## WORK TO BE COMPLETED
The records below hold a stretch from the line with "of_real a)) \<le>" through the line with "den by simp"; return exactly those lines, ends included, and nothing more.

────────────────────

lemma green_kernel_sum_step:
  fixes c :: "nat \<Rightarrow> real" and u :: "nat \<Rightarrow> complex"
  defines "S \<equiv> \<lambda>n. \<Sum>j\<in>{1..<n}. of_real (green_kernel c n j) * u j"
  shows "S (Suc (Suc n)) = of_real (c (Suc n)) * S (Suc n) - S n + u (Suc n)"
proof -
  have shift: "(\<Sum>j\<in>{1..<Suc k}. of_real (green_kernel c k j) * u j) = S k" for k
    by (simp add: S_def atLeastLessThanSuc)
  have "S (Suc (Suc n)) = (\<Sum>j\<in>{1..<Suc (Suc n)}.
      of_real (c (Suc n)) * (of_real (green_kernel c (Suc n) j) * u j) - of_real (green_kernel c n j) * u j)"
    unfolding S_def green_kernel_step by (simp add: algebra_simps)
  also have "\<dots> = of_real (c (Suc n)) * S (Suc n) - (S n - u (Suc n))"
    by (simp add: sum_subtractf sum_distrib_left[symmetric] shift del: sum.op_ivl_Suc)
      (simp add: shift[symmetric])
  finally show ?thesis by simp
qed

lemma variation_of_parameters:
  fixes c :: "nat \<Rightarrow> real" and e :: real and m :: complex
  defines "u \<equiv> three_term_sol (\<lambda>n. of_real (c n) + \<i> * of_real e) 1 (-m)"
  shows "u n = - m * of_real (three_term_sol c 0 1 n) + of_real (three_term_sol c 1 0 n)
    + \<i> * of_real e * (\<Sum>j\<in>{1..<n}. of_real (green_kernel c n j) * u j)"
proof -
  define S where "S n = (\<Sum>j\<in>{1..<n}. of_real (green_kernel c n j) * u j)" for n
  define D where "D n = u n - (- m * of_real (three_term_sol c 0 1 n) + of_real (three_term_sol c 1 0 n))" for n
  have D_step: "D (Suc (Suc n)) = of_real (c (Suc n)) * D (Suc n) - D n + \<i> * of_real e * u (Suc n)" for n
    by (simp add: D_def u_def algebra_simps)
  have S_step: "S (Suc (Suc n)) = of_real (c (Suc n)) * S (Suc n) - S n + u (Suc n)" for n
    unfolding S_def by (rule green_kernel_sum_step)
  have "D n = \<i> * of_real e * S n \<and> D (Suc n) = \<i> * of_real e * S (Suc n)"
  proof (induction n)
    case 0
    then show ?case by (simp add: D_def S_def u_def)
  next
    case (Suc n)
    then show ?case by (simp add: D_step S_step algebra_simps)
  qed
  then have "D n = \<i> * of_real e * S n" ..
  then show ?thesis unfolding D_def S_def by (simp add: algebra_simps)
qed

lemma sum_lagrange_identity:
  fixes f g :: "nat \<Rightarrow> real"
  shows "(\<Sum>n\<in>{1..L}. \<Sum>j\<in>{1..<n}. (f n * g j - g n * f j)\<^sup>2)
        = (\<Sum>n\<in>{1..L}. f n * f n) * (\<Sum>n\<in>{1..L}. g n * g n) - (\<Sum>n\<in>{1..L}. f n * g n)\<^sup>2"
proof (induction L)
  case (Suc L)
  have "{1..<Suc L} = {1..L}" by auto
  moreover have "(\<Sum>j\<in>{1..L}. (f (Suc L) * g j - g (Suc L) * f j)\<^sup>2)
     = (f (Suc L))\<^sup>2 * (\<Sum>j\<in>{1..L}. g j * g j) - 2 * f (Suc L) * g (Suc L) * (\<Sum>j\<in>{1..L}. f j * g j)
       + (g (Suc L))\<^sup>2 * (\<Sum>j\<in>{1..L}. f j * f j)"
    by (simp add: power2_eq_square algebra_simps sum.distrib sum_subtractf sum_distrib_left)
  ultimately show ?case using Suc
    by (simp only: sum.cl_ivl_Suc) (simp add: power2_eq_square algebra_simps)
qed simp

lemma norm_sum_of_real_mult_sq_le:
  fixes a :: "'i \<Rightarrow> real" and z :: "'i \<Rightarrow> complex"
  shows "(cmod (\<Sum>j\<in>A. of_real (a j) * z j))\<^sup>2 \<le> (\<Sum>j\<in>A. (a j)\<^sup>2) * (\<Sum>j\<in>A. (cmod (z j))\<^sup>2)"
proof -
  have "cmod (\<Sum>j\<in>A. of_real (a j) * z j) \<le> (\<Sum>j\<in>A. \<bar>a j\<bar> * cmod (z j))"
    by (rule order_trans[OF norm_sum]) (simp add: norm_mult)
  then have "(cmod (\<Sum>j\<in>A. of_real (a j) * z j))\<^sup>2 \<le> (\<Sum>j\<in>A. \<bar>a j\<bar> * cmod (z j))\<^sup>2"
    by (simp add: power_mono)
  also have "\<dots> \<le> (\<Sum>j\<in>A. \<bar>a j\<bar>\<^sup>2) * (\<Sum>j\<in>A. (cmod (z j))\<^sup>2)"
    by (rule Cauchy_Schwarz_ineq_sum)
  finally show ?thesis by simp
qed

text \<open>The Hermitian form of the matrix with rows \<open>(p, q)\<close>, \<open>(q, r)\<close> at the vector \<open>(-m, 1)\<close>.\<close>
definition herm_form :: "real \<Rightarrow> real \<Rightarrow> real \<Rightarrow> complex \<Rightarrow> real" where
  "herm_form p q r m = (cmod m)\<^sup>2 * p - 2 * Re m * q + r"

lemma sum_norm_sq_eq_herm_form:
  "(\<Sum>n\<in>A. (cmod (- m * of_real (f n) + of_real (g n)))\<^sup>2)
     = herm_form (\<Sum>n\<in>A. f n * f n) (\<Sum>n\<in>A. f n * g n) (\<Sum>n\<in>A. g n * g n) m"
proof -
  have "(cmod (- m * of_real (f n) + of_real (g n)))\<^sup>2 = (cmod m)\<^sup>2 * (f n * f n) - 2 * Re m * (f n * g n) + g n * g n" for n
    by (simp add: cmod_power2) (simp add: power2_eq_square algebra_simps)
  then show ?thesis
    by (simp add: herm_form_def sum.distrib sum_subtractf sum_distrib_left)
qed

lemma sum_norm_green_sum_sq_le:
  fixes c :: "nat \<Rightarrow> real" and u :: "nat \<Rightarrow> complex"
  shows "(\<Sum>n\<in>{1..L}. (cmod (\<Sum>j\<in>{1..<n}. of_real (green_kernel c n j) * u j))\<^sup>2)
     \<le> ((\<Sum>n\<in>{1..L}. three_term_sol c 0 1 n * three_term_sol c 0 1 n) * (\<Sum>n\<in>{1..L}. three_term_sol c 1 0 n * three_term_sol c 1 0 n)
         - (\<Sum>n\<in>{1..L}. three_term_sol c 0 1 n * three_term_sol c 1 0 n)\<^sup>2) * (\<Sum>n\<in>{1..L}. (cmod (u n))\<^sup>2)"
proof -
  define S where "S = (\<Sum>n\<in>{1..L}. (cmod (u n))\<^sup>2)"
  have "(cmod (\<Sum>j\<in>{1..<n}. of_real (green_kernel c n j) * u j))\<^sup>2 \<le> (\<Sum>j\<in>{1..<n}. (green_kernel c n j)\<^sup>2) * S"
    if "n \<in> {1..L}" for n
  proof -
    have "(\<Sum>j\<in>{1..<n}. (cmod (u j))\<^sup>2) \<le> S"
      unfolding S_def using that by (intro sum_mono2) auto
    then show ?thesis
      by (rule order_trans[OF norm_sum_of_real_mult_sq_le mult_left_mono]) (simp add: sum_nonneg)
  qed
  then have "(\<Sum>n\<in>{1..L}. (cmod (\<Sum>j\<in>{1..<n}. of_real (green_kernel c n j) * u j))\<^sup>2)
      \<le> (\<Sum>n\<in>{1..L}. \<Sum>j\<in>{1..<n}. (green_kernel c n j)\<^sup>2) * S"
    unfolding sum_distrib_right by (rule sum_mono)
  then show ?thesis
    unfolding green_kernel_def sum_lagrange_identity S_def .
qed

lemma herm_form_le_sum_norm_sq:
  fixes c :: "nat \<Rightarrow> real" and e :: real and m :: complex and L :: nat
  defines "u \<equiv> three_term_sol (\<lambda>n. of_real (c n) + \<i> * of_real e) 1 (-m)"
    and "p \<equiv> \<Sum>n\<in>{1..L}. three_term_sol c 0 1 n * three_term_sol c 0 1 n"
    and "q \<equiv> \<Sum>n\<in>{1..L}. three_term_sol c 0 1 n * three_term_sol c 1 0 n"
    and "r \<equiv> \<Sum>n\<in>{1..L}. three_term_sol c 1 0 n * three_term_sol c 1 0 n"
  assumes det: "4 * e\<^sup>2 * (p * r - q\<^sup>2) = 1"
  shows "herm_form p q r m \<le> 9/4 * (\<Sum>n\<in>{1..L}. (cmod (u n))\<^sup>2)"
proof -
  define \<phi> \<theta> where "\<phi> = three_term_sol c 0 1" and "\<theta> = three_term_sol c 1 0"
  define S where "S = (\<Sum>n\<in>{1..L}. (cmod (u n))\<^sup>2)"
  define d where "d n = \<i> * of_real e * (\<Sum>j\<in>{1..<n}. of_real (green_kernel c n j) * u j)" for n
  have "(cmod (d n))\<^sup>2 = e\<^sup>2 * (cmod (\<Sum>j\<in>{1..<n}. of_real (green_kernel c n j) * u j))\<^sup>2" for n
    unfolding d_def norm_mult power_mult_distrib by simp
  then have "(\<Sum>n\<in>{1..L}. (cmod (d n))\<^sup>2) = e\<^sup>2 * (\<Sum>n\<in>{1..L}. (cmod (\<Sum>j\<in>{1..<n}. of_real (green_kernel c n j) * u j))\<^sup>2)"
    by (simp add: sum_distrib_left)
  also have "\<dots> \<le> e\<^sup>2 * ((p * r - q\<^sup>2) * S)"
    unfolding p_def q_def r_def S_def by (intro mult_left_mono sum_norm_green_sum_sq_le) simp
  also have "\<dots> = S / 4"
    using det by (simp add: field_simps)
  finally have sum_d: "(\<Sum>n\<in>{1..L}. (cmod (d n))\<^sup>2) \<le> S / 4" .
  have "(cmod (- m * of_real (\<phi> n) + of_real (\<theta> n)))\<^sup>2 \<le> 3/2 * (cmod (u n))\<^sup>2 + 3 * (cmod (d n))\<^sup>2" for n
  proof -
    have "- m * of_real (\<phi> n) + of_real (\<theta> n) = u n - d n"
      using variation_of_parameters[of c e m n] by (simp add: u_def d_def \<phi>_def \<theta>_def)
    then have "cmod (- m * of_real (\<phi> n) + of_real (\<theta> n)) \<le> cmod (u n) + cmod (d n)"
      by (simp add: norm_triangle_ineq4)
    then have "(cmod (- m * of_real (\<phi> n) + of_real (\<theta> n)))\<^sup>2 \<le> (cmod (u n) + cmod (d n))\<^sup>2"
      by (simp add: power_mono)
    also have "\<dots> \<le> 3/2 * (cmod (u n))\<^sup>2 + 3 * (cmod (d n))\<^sup>2"
      using zero_le_power2[of "cmod (u n) - 2 * cmod (d n)"] by (simp add: power2_eq_square algebra_simps)
    finally show ?thesis .
  qed
  then have "herm_form p q r m \<le> (\<Sum>n\<in>{1..L}. 3/2 * (cmod (u n))\<^sup>2 + 3 * (cmod (d n))\<^sup>2)"
    unfolding p_def q_def r_def \<phi>_def[symmetric] \<theta>_def[symmetric] sum_norm_sq_eq_herm_form[symmetric]
    by (rule sum_mono)
  also have "\<dots> = 3/2 * S + 3 * (\<Sum>n\<in>{1..L}. (cmod (d n))\<^sup>2)"
    by (simp add: S_def sum.distrib sum_distrib_left)
  also have "\<dots> \<le> 9/4 * S"
    using sum_d by simp
  finally show ?thesis by (simp add: S_def)
qed

lemma moebius_rot:
  "moebius (rot (- \<beta> / (2*pi))) z =
     (of_real (cos \<beta>) * z + of_real (sin \<beta>)) / (- of_real (sin \<beta>) * z + of_real (cos \<beta>))"
proof -
  have "2 * pi * (- \<beta> / (2 * pi)) = - \<beta>" by simp
  then show ?thesis unfolding moebius_def rot_def by simp
qed

lemma Im_moebius_rotation:
  fixes a b :: real
  shows "Im ((of_real a * z + of_real b) / (- of_real b * z + of_real a))
     = (a\<^sup>2 + b\<^sup>2) * Im z / (cmod (of_real b * z - of_real a))\<^sup>2"
  by (simp add: Im_divide cmod_power2) (simp add: power2_eq_square algebra_simps)

lemma rotation_denominator_nonzero:
  fixes a b :: real
  assumes "Im z > 0" and "a \<noteq> 0 \<or> b \<noteq> 0"
  shows "of_real b * z - of_real a \<noteq> 0"
proof
  assume "of_real b * z - of_real a = 0"
  then have "b * Im z = 0" "b * Re z = a" by (simp_all add: complex_eq_iff)
  with assms show False by simp
qed

lemma norm_moebius_rotation_le:
  fixes a b :: real
  assumes z: "Im z > 0" and ab: "a\<^sup>2 + b\<^sup>2 = 1"
  shows "cmod ((of_real a * z + of_real b) / (- of_real b * z + of_real a)) \<le> ((cmod z)\<^sup>2 + 1) / Im z"
proof -
  define w where "w = (of_real a * z + of_real b) / (- of_real b * z + of_real a)"
  define den where "den = (cmod (of_real b * z - of_real a))\<^sup>2"
  have "a \<noteq> 0 \<or> b \<noteq> 0" using ab by auto
  then have den: "den > 0" using rotation_denominator_nonzero[OF z] by (simp add: den_def)
  have Im_w: "Im w = Im z / den"
    unfolding w_def Im_moebius_rotation ab den_def by simp
  have "(cmod w)\<^sup>2 + 1 = ((cmod (of_real a * z + of_real b))\<^sup>2 + den) / den"
    using den by (simp add: w_def den_def norm_divide power_divide norm_minus_commute field_simps)
  also have "(cmod (of_real a * z + of_real b))\<^sup>2 + den = (a\<^sup>2 + b\<^sup>2) * ((cmod z)\<^sup>2 + 1)"
    by (simp add: den_def cmod_power2) (simp add: power2_eq_square algebra_simps)
  finally have norm_w: "(cmod w)\<^sup>2 + 1 = ((cmod z)\<^sup>2 + 1) / den" by (simp add: ab)
  have "Im w \<le> cmod w" using abs_Im_le_cmod[of w] by linarith
  then have "cmod w * Im w \<le> (cmod w)\<^sup>2 + 1"
    by (simp add: power2_eq_square mult_left_mono add_increasing2)
  moreover have "Im w > 0" using Im_w z den by simp
  ultimately have "cmod w \<le> ((cmod w)\<^sup>2 + 1) / Im w" by (simp add: pos_le_divide_eq)
  also have "\<dots> = ((cmod z)\<^sup>2 + 1) / Im z"
    using den z by (simp add: norm_w Im_w)
  finally show ?thesis by (simp add: w_def)
qed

────────────────────

## SOLUTION
  shows "cmod ((of_real a * z + of_real b) / (- of_real b * z + of_real a)) \<le> ((cmod z)\<^sup>2 + 1) / Im z"
proof -
  define w where "w = (of_real a * z + of_real b) / (- of_real b * z + of_real a)"
  define den where "den = (cmod (of_real b * z - of_real a))\<^sup>2"
  have "a \<noteq> 0 \<or> b \<noteq> 0" using ab by auto
  then have den: "den > 0" using rotation_denominator_nonzero[OF z] by (simp add: den_def)
  have Im_w: "Im w = Im z / den"
    unfolding w_def Im_moebius_rotation ab den_def by simp
  have "(cmod w)\<^sup>2 + 1 = ((cmod (of_real a * z + of_real b))\<^sup>2 + den) / den"
    using den by (simp add: w_def den_def norm_divide power_divide norm_minus_commute field_simps)
  also have "(cmod (of_real a * z + of_real b))\<^sup>2 + den = (a\<^sup>2 + b\<^sup>2) * ((cmod z)\<^sup>2 + 1)"
    by (simp add: den_def cmod_power2) (simp add: power2_eq_square algebra_simps)
  finally have norm_w: "(cmod w)\<^sup>2 + 1 = ((cmod z)\<^sup>2 + 1) / den" by (simp add: ab)
  have "Im w \<le> cmod w" using abs_Im_le_cmod[of w] by linarith
  then have "cmod w * Im w \<le> (cmod w)\<^sup>2 + 1"
    by (simp add: power2_eq_square mult_left_mono add_increasing2)
  moreover have "Im w > 0" using Im_w z den by simp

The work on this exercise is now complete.